Embedding and identification of cell types

Request a detailed protocol

Data from all nuclei (two animals, 5 libraries of ~3000 nuclei per animal) were analyzed simultaneously. Viral-derived sequences were removed for the purposes of embedding clustering and cell type identification. The initial dataset contained 32,335 nuclei, with more than 200 unique non-viral transcripts (UMIs) assigned to each nucleus. We recovered an average of 866 unique non-viral transcripts per nucleus, representing 610 unique genes. The R software package Seurat (Butler et al., 2018; Satija et al., 2015) was used to cluster cells. First, the data were log-normalized and scaled to 10,000 transcripts per cell. Variable genes were identified using the FindVariableGenes() function. The following parameters were used to set the minimum and maximum average expression and the minimum dispersion: x.low.cutoff = 0.0125, x.high.cutoff = 3, y.cutoff = 0.5. Next, the data was scaled using the ScaleData() function, and principle component analysis (PCA) was carried out. The FindClusters() function using the top 30 principal components (PCs) and a resolution of 1.5 was used to determine the initial 29 clusters. Based on the expression of known marker genes we merged clusters that represented the same cell type. Our final list of cell types was: Excitatory neurons, PV Interneurons, SST Interneurons, VIP interneurons, NPY Interneurons, Astrocytes, Vascular-associated cells, Microglia, Oligodendrocytes, and Oligodendrocyte precursor cells.

Enrichment calculation

Request a detailed protocol

Viral vector expression for each of the 861 barcodes across the ten cell types was calculated by averaging the expression of barcoded transcripts across all the individual nuclei that were assigned to that cell type. The relative fold-enrichment in expression toward Sst+ cells was computed as the ratio of the mean expression in Sst+ cells and the mean expression in Sst- cells: (mean(Sst+ cells)+0.01)/ (mean(Sst- cells)+0.01).

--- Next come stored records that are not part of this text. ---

(* Let $\delta,\delta^\perp$ be positive integers and define $$L_1=\{N\in\Delta(s_1,\dots,s_m)\mid D(N)\ge\delta\},\qquad L_2=\{N\in\Delta(s_1,\dots,s_m)\mid D^\perp(N)<\delta^\perp\}.$$ Suppose $L_2\subsetneq L_1$. Then $C(L_2)\subsetneq C(L_1)$ have codimension $\ell=\#L_1-\#L_2$, and $$M_1(C(L_1),C(L_2))\ge\delta,\qquad M_1(C(L_2)^\perp,C(L_1)^\perp)\ge\delta^\perp.$$
   Context: $q$ is a prime power. For $i=1,\dots,m$, $S_i\subseteq\mathbb{F}_q$ is nonempty with $s_i=\#S_i$; $S=S_1\times\cdots\times S_m=\{\alpha_1,\dots,\alpha_n\}$, $n=\prod_i s_i$. $\Delta(s_1,\dots,s_m)=\{X_1^{i_1}\cdots X_m^{i_m}\mid 0\le i_t<s_t\}$. For $L\subseteq\Delta(s_1,\dots,s_m)$, $C(L)\subseteq\mathbb{F}_q^n$ is the span of $(N(\alpha_1),\dots,N(\alpha_n))$, $N\in L$. For $N=X_1^{i_1}\cdots X_m^{i_m}$: $D(N)=\prod_t(s_t-i_t)$, $D^\perp(N)=\prod_t(i_t+1)$. $C^\perp$ is the Euclidean dual. For linear codes $C_2\subsetneq C_1$, $M_1(C_1,C_2)=\min\{w_H(\vec c)\mid\vec c\in C_1\setminus C_2\}$ (Hamming weight). *)

theory Defs
  imports Complex_Main "HOL-Library.Function_Algebras"
begin

text \<open>Points of S = S_0 x ... x S_(m-1) are functions nat => 'a, extensional outside {..<m}.
Monomials X^e are exponent vectors e :: nat => nat, zero outside {..<m}.
Vectors of F_q^n are functions on the point set, taken to be 0 outside it.\<close>

definition points :: "nat \<Rightarrow> (nat \<Rightarrow> 'a::zero set) \<Rightarrow> (nat \<Rightarrow> 'a) set" where
  "points m S = {\<alpha>. (\<forall>i<m. \<alpha> i \<in> S i) \<and> (\<forall>i\<ge>m. \<alpha> i = 0)}"

definition Delta :: "nat \<Rightarrow> (nat \<Rightarrow> nat) \<Rightarrow> (nat \<Rightarrow> nat) set" where
  "Delta m s = {e. (\<forall>i<m. e i < s i) \<and> (\<forall>i\<ge>m. e i = 0)}"

definition evalMon :: "nat \<Rightarrow> (nat \<Rightarrow> nat) \<Rightarrow> (nat \<Rightarrow> 'a::comm_ring_1) \<Rightarrow> 'a" where
  "evalMon m e \<alpha> = (\<Prod>i<m. \<alpha> i ^ e i)"

definition Dmin :: "nat \<Rightarrow> (nat \<Rightarrow> nat) \<Rightarrow> (nat \<Rightarrow> nat) \<Rightarrow> nat" where
  "Dmin m s e = (\<Prod>i<m. s i - e i)"

definition Dperp :: "nat \<Rightarrow> (nat \<Rightarrow> nat) \<Rightarrow> nat" where
  "Dperp m e = (\<Prod>i<m. e i + 1)"

definition code :: "nat \<Rightarrow> (nat \<Rightarrow> 'a::field set) \<Rightarrow> (nat \<Rightarrow> nat) set \<Rightarrow> ((nat \<Rightarrow> 'a) \<Rightarrow> 'a) set" where
  "code m S L = {v. \<exists>c :: (nat \<Rightarrow> nat) \<Rightarrow> 'a.
      v = (\<lambda>\<alpha>. if \<alpha> \<in> points m S then (\<Sum>N\<in>L. c N * evalMon m N \<alpha>) else 0)}"

definition dual_code :: "'b set \<Rightarrow> ('b \<Rightarrow> 'a::field) set \<Rightarrow> ('b \<Rightarrow> 'a) set" where
  "dual_code P C = {v. (\<forall>x. x \<notin> P \<longrightarrow> v x = 0) \<and> (\<forall>c\<in>C. (\<Sum>x\<in>P. v x * c x) = 0)}"

definition hamming_wt :: "'b set \<Rightarrow> ('b \<Rightarrow> 'a::zero) \<Rightarrow> nat" where
  "hamming_wt P v = card {x\<in>P. v x \<noteq> 0}"

definition M1 :: "'b set \<Rightarrow> ('b \<Rightarrow> 'a::zero) set \<Rightarrow> ('b \<Rightarrow> 'a) set \<Rightarrow> nat" where
  "M1 P C1 C2 = Min (hamming_wt P ` (C1 - C2))"

definition vscale :: "'a::field \<Rightarrow> ('b \<Rightarrow> 'a) \<Rightarrow> ('b \<Rightarrow> 'a)" where
  "vscale a v = (\<lambda>x. a * v x)"

definition vdim :: "('b \<Rightarrow> 'a::field) set \<Rightarrow> nat" where
  "vdim C = vector_space.dim (vscale :: 'a \<Rightarrow> ('b \<Rightarrow> 'a) \<Rightarrow> ('b \<Rightarrow> 'a)) C"

end

theory Submission
  imports Defs "HOL-Computational_Algebra.Polynomial" "HOL-Library.FuncSet"
begin

text \<open>
  A codeword of \<open>C(L)\<close> is the evaluation on \<open>S\<close> of a polynomial with monomials in \<open>L \<subseteq> \<Delta>\<close>.
  Footprint bound: if such a polynomial is nonzero, some monomial \<open>N\<close> of its support has
  \<open>D(N)\<close> at most its number of nonzeros on \<open>S\<close>. This follows by induction on \<open>m\<close>: with \<open>t\<close> the
  top power of \<open>X_m\<close>, every slice on which the coefficient of \<open>X_m^t\<close> is nonzero is a
  univariate polynomial of degree \<open>t\<close>, nonzero on at least \<open>s_m - t\<close> points of \<open>S_m\<close>.
  It makes evaluation injective on \<open>\<Delta>\<close>, so \<open>dim C(L) = #L\<close>, and bounds the weights in
  \<open>C(L_1) - C(L_2)\<close> below by \<open>\<delta>\<close>.
  Dually, a nonzero \<open>v\<close> is not orthogonal to the evaluation of some \<open>N \<in> \<Delta>\<close> with
  \<open>D\<^sup>\<perp>(N) \<le> wt(v)\<close>: restrict \<open>v\<close> to its lightest nonzero slice \<open>X_m = b\<close>, use induction, and
  separate the slices by a Vandermonde argument. Such an \<open>N\<close> lies outside \<open>L_2\<close> when
  \<open>v \<in> C(L_2)\<^sup>\<perp>\<close>, which gives the second bound. The same fact makes the transposed
  evaluation map injective, hence onto by counting, so \<open>C(L_2)\<^sup>\<perp> - C(L_1)\<^sup>\<perp>\<close> is nonempty.
\<close>

section \<open>Product grids\<close>

definition grid :: "nat \<Rightarrow> (nat \<Rightarrow> 'b set) \<Rightarrow> 'b \<Rightarrow> (nat \<Rightarrow> 'b) set" where
  "grid m A d = {f. (\<forall>i<m. f i \<in> A i) \<and> (\<forall>i\<ge>m. f i = d)}"

lemma points_eq_grid: "points m S = grid m S 0"
  by (simp add: points_def grid_def)

lemma Delta_eq_grid: "Delta m s = grid m (\<lambda>i. {..<s i}) 0"
  by (simp add: Delta_def grid_def)

lemma grid_0 [simp]: "grid 0 A d = {\<lambda>_. d}"
  by (auto simp: grid_def)

lemma bij_betw_grid_Suc:
  "bij_betw (\<lambda>(f, b). f(m := b)) (grid m A d \<times> A m) (grid (Suc m) A d)"
proof (rule bij_betw_byWitness[where f' = "\<lambda>g. (g(m := d), g m)"])
  show "\<forall>x\<in>grid m A d \<times> A m. (\<lambda>g. (g(m := d), g m)) ((\<lambda>(f, b). f(m := b)) x) = x"
    by (auto simp: grid_def fun_eq_iff)
  show "(\<lambda>(f, b). f(m := b)) ` (grid m A d \<times> A m) \<subseteq> grid (Suc m) A d"
    by (auto simp: grid_def less_Suc_eq)
  show "(\<lambda>g. (g(m := d), g m)) ` grid (Suc m) A d \<subseteq> grid m A d \<times> A m"
    by (auto simp: grid_def)
qed auto

lemma sum_grid_Suc:
  "sum h (grid (Suc m) A d) = (\<Sum>f\<in>grid m A d. \<Sum>b\<in>A m. h (f(m := b)))"
proof -
  have "sum h (grid (Suc m) A d) = (\<Sum>(f, b)\<in>grid m A d \<times> A m. h (f(m := b)))"
    using sum.reindex_bij_betw[OF bij_betw_grid_Suc, of h] by (simp add: case_prod_beta')
  then show ?thesis
    by (simp add: sum.cartesian_product)
qed

lemma finite_grid:
  assumes "\<And>i. i < m \<Longrightarrow> finite (A i)"
  shows "finite (grid m A d)"
  using assms
proof (induction m)
  case (Suc m)
  have "finite (grid m A d)" "finite (A m)"
    using Suc.IH Suc.prems by simp_all
  then show ?case
    using bij_betw_finite[OF bij_betw_grid_Suc] finite_cartesian_product by metis
qed simp

lemma card_grid:
  assumes "\<And>i. i < m \<Longrightarrow> finite (A i)"
  shows "card (grid m A d) = (\<Prod>i<m. card (A i))"
  using assms
proof (induction m)
  case (Suc m)
  have "card (grid (Suc m) A d) = card (grid m A d \<times> A m)"
    using bij_betw_same_card[OF bij_betw_grid_Suc] by metis
  then show ?case
    using Suc.IH Suc.prems by (simp add: card_cartesian_product)
qed simp

lemma card_filter_eq_sum_of_bool: "finite A \<Longrightarrow> card {x \<in> A. Q x} = (\<Sum>x\<in>A. of_bool (Q x))"
  by (simp add: Collect_conj_eq Int_commute)

lemma card_filter_grid_Suc:
  assumes "\<And>i. i \<le> m \<Longrightarrow> finite (A i)"
  shows "card {x \<in> grid (Suc m) A d. Q x} = (\<Sum>f\<in>grid m A d. card {b \<in> A m. Q (f(m := b))})"
proof -
  have fin: "finite (grid (Suc m) A d)" "finite (A m)"
    using assms by (auto intro!: finite_grid)
  have "card {x \<in> grid (Suc m) A d. Q x} = (\<Sum>f\<in>grid m A d. \<Sum>b\<in>A m. of_bool (Q (f(m := b))))"
    unfolding card_filter_eq_sum_of_bool[OF fin(1)] by (rule sum_grid_Suc)
  then show ?thesis
    unfolding card_filter_eq_sum_of_bool[OF fin(2)] .
qed

section \<open>Univariate polynomials\<close>

lemma card_nonroots_ge:
  fixes p :: "'a::idom poly"
  assumes "p \<noteq> 0" "finite A"
  shows "card A - degree p \<le> card {b \<in> A. poly p b \<noteq> 0}"
proof -
  have "card A \<le> card ({b \<in> A. poly p b \<noteq> 0} \<union> {b. poly p b = 0})"
    using assms by (intro card_mono) (auto intro: poly_roots_finite)
  also have "\<dots> \<le> card {b \<in> A. poly p b \<noteq> 0} + card {b. poly p b = 0}"
    by (rule card_Un_le)
  finally show ?thesis
    using card_poly_roots_bound[OF assms(1)] by linarith
qed

lemma card_nonzeros_power_sum_ge:
  fixes a :: "nat \<Rightarrow> 'a::idom"
  assumes "finite A" "t < n" "a t \<noteq> 0" "\<And>j. t < j \<Longrightarrow> j < n \<Longrightarrow> a j = 0"
  shows "card A - t \<le> card {b \<in> A. (\<Sum>j<n. a j * b ^ j) \<noteq> 0}"
proof -
  define p where "p = (\<Sum>j<n. monom (a j) j)"
  have coeff_p: "coeff p j = (if j < n then a j else 0)" for j
    by (simp add: p_def coeff_sum coeff_monom)
  have "p \<noteq> 0"
    using coeff_p[of t] assms(2,3) by auto
  moreover have "degree p \<le> t"
    by (rule degree_le) (simp add: coeff_p assms(4))
  moreover have "poly p b = (\<Sum>j<n. a j * b ^ j)" for b
    by (simp add: p_def poly_sum poly_monom)
  ultimately show ?thesis
    using card_nonroots_ge[of p A] assms(1) by auto
qed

Viral GRE expression for each of the 287 barcodes was calculated at the single-nucleus level as a sum of the expression of the three barcodes that were paired with that GRE. Average GRE-driven expression across the ten cell types was calculated by averaging the expression of the GRE transcripts across all the individual nuclei that were assigned to that cell type. The relative fold-enrichment in GRE expression toward Sst+ cells was determined as the ratio of the mean expression in Sst+ cells and the mean expression in Sst- cells: (mean(Sst+ cells)+0.01)/ (mean(Sst- cells)+0.01).

Differential gene expression

Request a detailed protocol

To identify which of the GRE-driven transcripts were statistically enriched in Sst+ vs. Sst- cells, we carried out differential gene expression analysis using the R package Monocle2 (Trapnell et al., 2014) (Trapnell et al., 2014) . The data were modeled and normalized using a negative binomial distribution, consistent with snRNA-seq experiments. The functions estimateSizeFactors(), estimateDispersions() and differentialGeneTest() were used to identify which of the GRE-derived transcripts were statistically enriched in Sst+ cells. GREs whose false discovery rate (FDR) was less than 0.01 were considered enriched.

Subsampling GRE reads

Request a detailed protocol

A matrix containing counts per cell for GRE12, GRE19, GRE22, GRE44, GRE80 was subsampled using the rbinom function from the ‘stats’ package in R with the following probabilities (0.5, 0.25, 0.125, 0.0625). The resulting matrix was then analyzed by differential gene expression using the R package Monocle2 as stated above. This process was repeated ten times for each subsampling probability.

Fluorescence microscopy

Sample preparation

Request a detailed protocol

Mice were sacrificed and perfused with 4% PFA followed by PBS. The brain was dissected out of the skull and post-fixed with 4% PFA for 1–3 days at 4°C. The brain was mounted on the vibratome (Leica VT1000S) and coronally sectioned into 100 μm slices. Sections containing V1 were arrayed on glass slides and mounted using DAPI Fluoromount-G (Southern Biotech).

Sample imaging

Request a detailed protocol

Sections containing V1 were imaged on a Leica SPE confocal microscope using an ACS APO 10x/0.30 CS objective (Harvard NeuroDiscovery Center). Tiled V1 cortical areas of ~1.2 mm by ~0.5 mm were imaged at a single optical section to avoid counting the same cell across multiple optical sections. Channels were imaged sequentially to avoid any optical crosstalk.

Immunostaining

Request a detailed protocol

To identify parvalbumin (PV)+ cells, coronal sections were washed three times with PBS containing 0.3% TritonX-100 (PBST) and blocked for 1 hr at room temperature with PBST containing 5% donkey serum. Section were incubated overnight at 4°C with mouse anti-PVALB antibody 1:2000 (Milipore), washed again three times with PBST, and incubated for 1 hr at room temperature with 1:500 donkey anti-mouse 647 secondary antibody (Life Technologies). After washing in PBST and PBS, samples were mounted onto glass slides using DAPI Fluoromount-G.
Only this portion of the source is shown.